Writing this story hollowed me out and left me feeling spent, but the surprising end helped me to stand again on my own two feet. After many drafts, I came to realize that the daughter needed something specific to happen to make her understand she must leave the haunted landscape of her childhood. Nudged off the garden path, she finally steps outside the cloistered loveliness of her mother’s garden—as did I.
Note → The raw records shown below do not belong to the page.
(* Assume the setup below. Two multipartitions $\boldsymbol{\lambda},\boldsymbol{\mu}\in\mathcal{P}(l,n)$ satisfy $\tau_{\mathbf{r}}(w(\boldsymbol{\lambda}))_J=\tau_{\mathbf{r}}(w(\boldsymbol{\mu}))_J$ if and only if $C_{[t]}(\boldsymbol{\lambda})=C_{[t]}(\boldsymbol{\mu})$ (as multisets) for all $0\le t\le d$.
   Context: Fix positive integers $l,n$. A partition $\lambda=(\lambda_1\ge\lambda_2\ge\dots)$ has $\lambda_i=0$ for large $i$; $Y(\lambda)=\{(a,b):a\ge1,1\le b\le\lambda_a\}$; the content of $(a,b)$ is $b-a$. $\mathcal{P}(l,n)$ is the set of $l$-multipartitions $\boldsymbol{\lambda}=(\lambda^{(0)},\dots,\lambda^{(l-1)})$ of $n$. For $r\in\mathbb{Z}$, $\beta^r(\lambda)=(\lambda_i+r+1-i)_{i\ge1}$; a strictly decreasing integer sequence stabilising with respect to $r$ (i.e. $C_i=r+1-i$ for large $i$) is $\beta^r$ of a unique partition. For a strictly decreasing integer sequence $C$, $S^iC=(C_1+i,C_2+i,\dots)$. For an $l$-tuple $\mathbf{C}=(C^0,\dots,C^{l-1})$ of strictly decreasing integer sequences, $\chi(\mathbf{C})=\{l(C^q_i-1)+q+1:0\le q\le l-1,\,i\ge1\}$. A node is removable if deleting it leaves a Young diagram; for $J\subseteq\{0,\dots,l-1\}$ it is $J$-removable if removable with content congruent mod $l$ to some $j\in J$; the $J$-heart $\lambda_J$ is obtained by removing $J$-removable nodes as long as possible. Parameters: $H_1,\dots,H_{l-1}\in\mathbb{Q}$, $H_0=-(H_1+\dots+H_{l-1})$, $d$ a positive integer with $dH_i\in\mathbb{Z}$; $\theta=(1+H_0,H_1,\dots,H_{l-1})$. $S_l$ = permutations of $\{0,\dots,l-1\}$ generated by $s_i$ ($1\le i\le l-1$) transposing $i-1,i$, acting on $\mathbb{Q}^l$ by: $s_i\cdot\theta$ has entry $\theta_{i-1}+\theta_i$ at $i-1$, $-\theta_i$ at $i$, $\theta_i+\theta_{i+1}$ at $i+1$, otherwise unchanged (indices mod $l$). $R\subset\mathbb{Z}^l$ is generated by $\alpha_i=-e_{i-1}+2e_i-e_{i+1}$ (indices mod $l$); $\tilde{S}_l=R\rtimes S_l$ acts on $\{\theta\in\mathbb{Q}^l:\sum\theta_i=1\}$ with $R$ by translations; $\mathbb{Z}^l_0$ = integer vectors with coordinate sum $0$; $\phi(\mathbf{r})=\sum_j(r_{j-1}-r_j)e_j$ (indices mod $l$). Fix $w_\theta=\phi(\mathbf{r})w\in\tilde{S}_l$ ($\mathbf{r}\in\mathbb{Z}^l_0$, $w\in S_l$) with $\boldsymbol{\epsilon}=w_\theta\cdot\theta$ satisfying $0\le\varepsilon_i\le1$; $J=\{j:\varepsilon_j=0\}$; then $d\boldsymbol{\epsilon}\in\mathbb{Z}^l$. Let $m_i(\mathbf{c})=c_0+\dots+c_i$ and $I_t=\{p:m_p(d\boldsymbol{\epsilon})=t\}$ for $0\le t\le d$. For $\mathbf{s}\in\mathbb{Z}^l$ with $s=\sum s_i$, $\tau_{\mathbf{s}}(\boldsymbol{\lambda})$ is the partition whose $s$-shifted $\beta$-number is $\chi(\beta^{s_0}(\lambda^{(0)}),\dots,\beta^{s_{l-1}}(\lambda^{(l-1)}))$ arranged decreasingly; $w(\boldsymbol{\lambda})$ has $p$-th component $\lambda^{(w^{-1}(p))}$. Put $C^p(\boldsymbol{\lambda})=\beta^{r_p}(\lambda^{(w^{-1}(p))})$; for $1\le t\le d-1$, $C_{[t]}(\boldsymbol{\lambda})=\biguplus_{p\in I_t}C^p(\boldsymbol{\lambda})$ (multiset union) and $C_{[0]}(\boldsymbol{\lambda})=C_{[d]}(\boldsymbol{\lambda})=\biguplus_{p\in I_0}S^{-1}C^p(\boldsymbol{\lambda})\uplus\biguplus_{p\in I_d}C^p(\boldsymbol{\lambda})$. *)

theory Defs
  imports Complex_Main
begin

text \<open>A partition is a 1-indexed sequence lam 1 >= lam 2 >= ... of naturals,
  eventually zero; the (unused) value at index 0 is normalised to 0.\<close>
definition is_partition :: "(nat \<Rightarrow> nat) \<Rightarrow> bool" where
  "is_partition lam \<longleftrightarrow> lam 0 = 0 \<and> (\<forall>i\<ge>1. lam (Suc i) \<le> lam i) \<and> finite {i. lam i \<noteq> 0}"

definition psize :: "(nat \<Rightarrow> nat) \<Rightarrow> nat" where
  "psize lam = sum lam {i. lam i \<noteq> 0}"

definition young :: "(nat \<Rightarrow> nat) \<Rightarrow> (nat \<times> nat) set" where
  "young lam = {(a, b). 1 \<le> a \<and> 1 \<le> b \<and> b \<le> lam a}"

definition content :: "nat \<times> nat \<Rightarrow> int" where
  "content x = int (snd x) - int (fst x)"

definition multipartitions :: "nat \<Rightarrow> nat \<Rightarrow> (nat \<Rightarrow> nat) list set" where
  "multipartitions l n = {lams. length lams = l \<and> (\<forall>q<l. is_partition (lams ! q))
        \<and> (\<Sum>q<l. psize (lams ! q)) = n}"

definition removable :: "(nat \<Rightarrow> nat) \<Rightarrow> nat \<times> nat \<Rightarrow> bool" where
  "removable lam x \<longleftrightarrow> x \<in> young lam \<and> (\<exists>mu. is_partition mu \<and> young mu = young lam - {x})"

definition J_removable :: "nat \<Rightarrow> nat set \<Rightarrow> (nat \<Rightarrow> nat) \<Rightarrow> nat \<times> nat \<Rightarrow> bool" where
  "J_removable l J lam x \<longleftrightarrow> removable lam x \<and> (\<exists>j\<in>J. content x mod int l = int j mod int l)"

definition heart_step :: "nat \<Rightarrow> nat set \<Rightarrow> (nat \<Rightarrow> nat) \<Rightarrow> (nat \<Rightarrow> nat) \<Rightarrow> bool" where
  "heart_step l J lam mu \<longleftrightarrow> is_partition mu \<and> (\<exists>x. J_removable l J lam x \<and> young mu = young lam - {x})"

definition heart :: "nat \<Rightarrow> nat set \<Rightarrow> (nat \<Rightarrow> nat) \<Rightarrow> (nat \<Rightarrow> nat)" where
  "heart l J lam = (THE mu. (heart_step l J)\<^sup>*\<^sup>* lam mu \<and> \<not> (\<exists>x. J_removable l J mu x))"

definition beta :: "int \<Rightarrow> (nat \<Rightarrow> nat) \<Rightarrow> nat \<Rightarrow> int" where
  "beta r lam i = int (lam i) + r + 1 - int i"

definition beta_set :: "int \<Rightarrow> (nat \<Rightarrow> nat) \<Rightarrow> int set" where
  "beta_set r lam = {beta r lam i | i. 1 \<le> i}"

text \<open>tau_s(lams): the partition whose (sum s)-shifted beta-sequence is chi(...) arranged
  decreasingly, i.e. whose set of beta-numbers equals the set chi(...).\<close>
definition tau :: "nat \<Rightarrow> (nat \<Rightarrow> int) \<Rightarrow> (nat \<Rightarrow> nat) list \<Rightarrow> (nat \<Rightarrow> nat)" where
  "tau l s lams = (THE mu. is_partition mu \<and>
      beta_set (\<Sum>q<l. s q) mu =
        {int l * (c - 1) + int q + 1 | q c. q < l \<and> c \<in> beta_set (s q) (lams ! q)})"

definition swp :: "nat \<Rightarrow> nat \<Rightarrow> nat \<Rightarrow> nat" where
  "swp a b x = (if x = a then b else if x = b then a else x)"

text \<open>The permutation s_{i1} o ... o s_{ik} given by a word ws = [i1,...,ik], s_i = (i-1 i).\<close>
definition wperm :: "nat list \<Rightarrow> nat \<Rightarrow> nat" where
  "wperm ws = foldr (\<lambda>i f. swp (i - 1) i \<circ> f) ws id"

definition wmp :: "nat list \<Rightarrow> (nat \<Rightarrow> nat) list \<Rightarrow> (nat \<Rightarrow> nat) list" where
  "wmp ws lams = map (\<lambda>p. lams ! (inv (wperm ws) p)) [0..<length lams]"

definition alpha :: "nat \<Rightarrow> nat \<Rightarrow> nat \<Rightarrow> rat" where
  "alpha l i j = (if j = i then 2 else 0) - (if j = (i + l - 1) mod l then 1 else 0)
                 - (if j = (i + 1) mod l then 1 else 0)"

definition sact :: "nat \<Rightarrow> nat \<Rightarrow> (nat \<Rightarrow> rat) \<Rightarrow> (nat \<Rightarrow> rat)" where
  "sact l i th = (\<lambda>j. th j - th i * alpha l i j)"

definition wact :: "nat \<Rightarrow> nat list \<Rightarrow> (nat \<Rightarrow> rat) \<Rightarrow> (nat \<Rightarrow> rat)" where
  "wact l ws th = foldr (sact l) ws th"

definition phi :: "nat \<Rightarrow> (nat \<Rightarrow> int) \<Rightarrow> nat \<Rightarrow> rat" where
  "phi l r j = of_int (r ((j + l - 1) mod l) - r j)"

definition theta :: "nat \<Rightarrow> (nat \<Rightarrow> rat) \<Rightarrow> nat \<Rightarrow> rat" where
  "theta l H j = (if j = 0 then 1 - (\<Sum>i\<in>{1..<l}. H i) else H j)"

definition eps :: "nat \<Rightarrow> (nat \<Rightarrow> rat) \<Rightarrow> (nat \<Rightarrow> int) \<Rightarrow> nat list \<Rightarrow> nat \<Rightarrow> rat" where
  "eps l H r ws j = phi l r j + wact l ws (theta l H) j"

definition Jset :: "nat \<Rightarrow> (nat \<Rightarrow> rat) \<Rightarrow> (nat \<Rightarrow> int) \<Rightarrow> nat list \<Rightarrow> nat set" where
  "Jset l H r ws = {j. j < l \<and> eps l H r ws j = 0}"

definition Iset :: "nat \<Rightarrow> nat \<Rightarrow> (nat \<Rightarrow> rat) \<Rightarrow> (nat \<Rightarrow> int) \<Rightarrow> nat list \<Rightarrow> nat \<Rightarrow> nat set" where
  "Iset l d H r ws t = {p. p < l \<and> (\<Sum>i\<le>p. of_nat d * eps l H r ws i) = of_nat t}"

definition Cp :: "nat list \<Rightarrow> (nat \<Rightarrow> int) \<Rightarrow> (nat \<Rightarrow> nat) list \<Rightarrow> nat \<Rightarrow> int set" where
  "Cp ws r lams p = beta_set (r p) (lams ! (inv (wperm ws) p))"

text \<open>C_[t](lams) as a multiset of integers, represented by its multiplicity function.\<close>
definition Cmult :: "nat \<Rightarrow> nat \<Rightarrow> (nat \<Rightarrow> rat) \<Rightarrow> (nat \<Rightarrow> int) \<Rightarrow> nat list \<Rightarrow> nat
      \<Rightarrow> (nat \<Rightarrow> nat) list \<Rightarrow> int \<Rightarrow> nat" where
  "Cmult l d H r ws t lams = (\<lambda>x.
     if 1 \<le> t \<and> t \<le> d - 1 then card {p \<in> Iset l d H r ws t. x \<in> Cp ws r lams p}
     else card {p \<in> Iset l d H r ws 0. x + 1 \<in> Cp ws r lams p}
          + card {p \<in> Iset l d H r ws d. x \<in> Cp ws r lams p})"

end

theory Submission
  imports Defs
begin

(* A partition is identified with its set of 0-shifted beta-numbers, and the
   corollary is turned into a statement about integer sets.
   (1) Beta sets determine partitions; conversely a set X of integers containing every
       integer up to some a, with finitely many elements above a, namely s - a of them,
       is the s-shifted beta set of a partition.  Removing a node of content c replaces
       the beta-number c + 1 by c.
   (2) Let kap : int => int be a "charge": weakly increasing, with finite fibres, and
       constant across the step x - 1 -> x exactly when x - 1 is congruent to an element
       of J.  Then two partitions have the same J-heart iff their beta sets meet every
       fibre of kap in equally many points: node removals preserve these counts, and the
       beta set of a heart is the unique set with the given counts that is closed under
       the steps x -> x - 1 within a fibre.
   (3) Under the hypotheses of the corollary, kap (l*c + q + 1) = d*c + m_q(d eps) is a
       charge for J = {j. eps_j = 0}.
   (4) The beta set of tau_r(w(lam)) is chi of the sets C^p(lam), and the fibre of kap
       over d*(x-1) + t collects exactly the copies of x in C_[t](lam) (t = d covers
       C_[0] = C_[d] as well).  Hence equal fibre counts mean equal multisets C_[t]. *)

section \<open>Beta-numbers of partitions\<close>

lemma partition_mono:
  assumes "is_partition lam" "1 \<le> i" "i \<le> j"
  shows "lam j \<le> lam i"
  using assms(3,2)
proof (induction j rule: dec_induct)
  case (step k)
  then show ?case using assms(1) unfolding is_partition_def by (meson le_trans order.trans)
qed simp

lemma beta_strict:
  assumes "is_partition lam" "1 \<le> i" "i < j"
  shows "beta r lam j < beta r lam i"
  using partition_mono[OF assms(1,2), of j] assms(3) unfolding beta_def by simp

lemma beta_inj:
  assumes "is_partition lam" "1 \<le> i" "1 \<le> j" "beta r lam i = beta r lam j"
  shows "i = j"
  using beta_strict[OF assms(1,2), of j r] beta_strict[OF assms(1,3), of i r] assms(4)
  by (cases i j rule: linorder_cases) auto

lemma beta_inj_on: "is_partition lam \<Longrightarrow> inj_on (beta r lam) {1..}"
  using beta_inj by (auto simp: inj_on_def)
After finishing that story, I felt quite different, not only about my past, but my future. I hope readers will feel similarly when they read it. A good work of fiction should leave us better prepared for what we face off the page—not in a prescriptive way, but by enlarging our human understanding. The tales we read, and those we write, should be rich with a dark, nourishing soil—to continue the garden metaphor—that allows us to thrive and grow upward into sunlight.
According to Professor Laurie Santos in her PSYC 157: Psychology and the Good Life—the most popular class in the history of Yale University—genetics shape roughly 50 percent of our chances for happiness, while ten percent is dictated by circumstances beyond our control. But the final 40 percent is determined by our thoughts and attitudes. Novels and stories that infuse themselves into our consciousness and reshape how we see the world can tip that crucial 40 percent towards happiness.
Though, in the end, perhaps simple happiness is one of the least rewards of reading and writing fiction. A deeper, more profound understanding of life through literature can outweigh all of this year’s self-help bestsellers promising easy rewards. For as we go in search of greater meaning in life, we can do no better than to open a good book of fiction and let ourselves remember who we are at our most complex and real.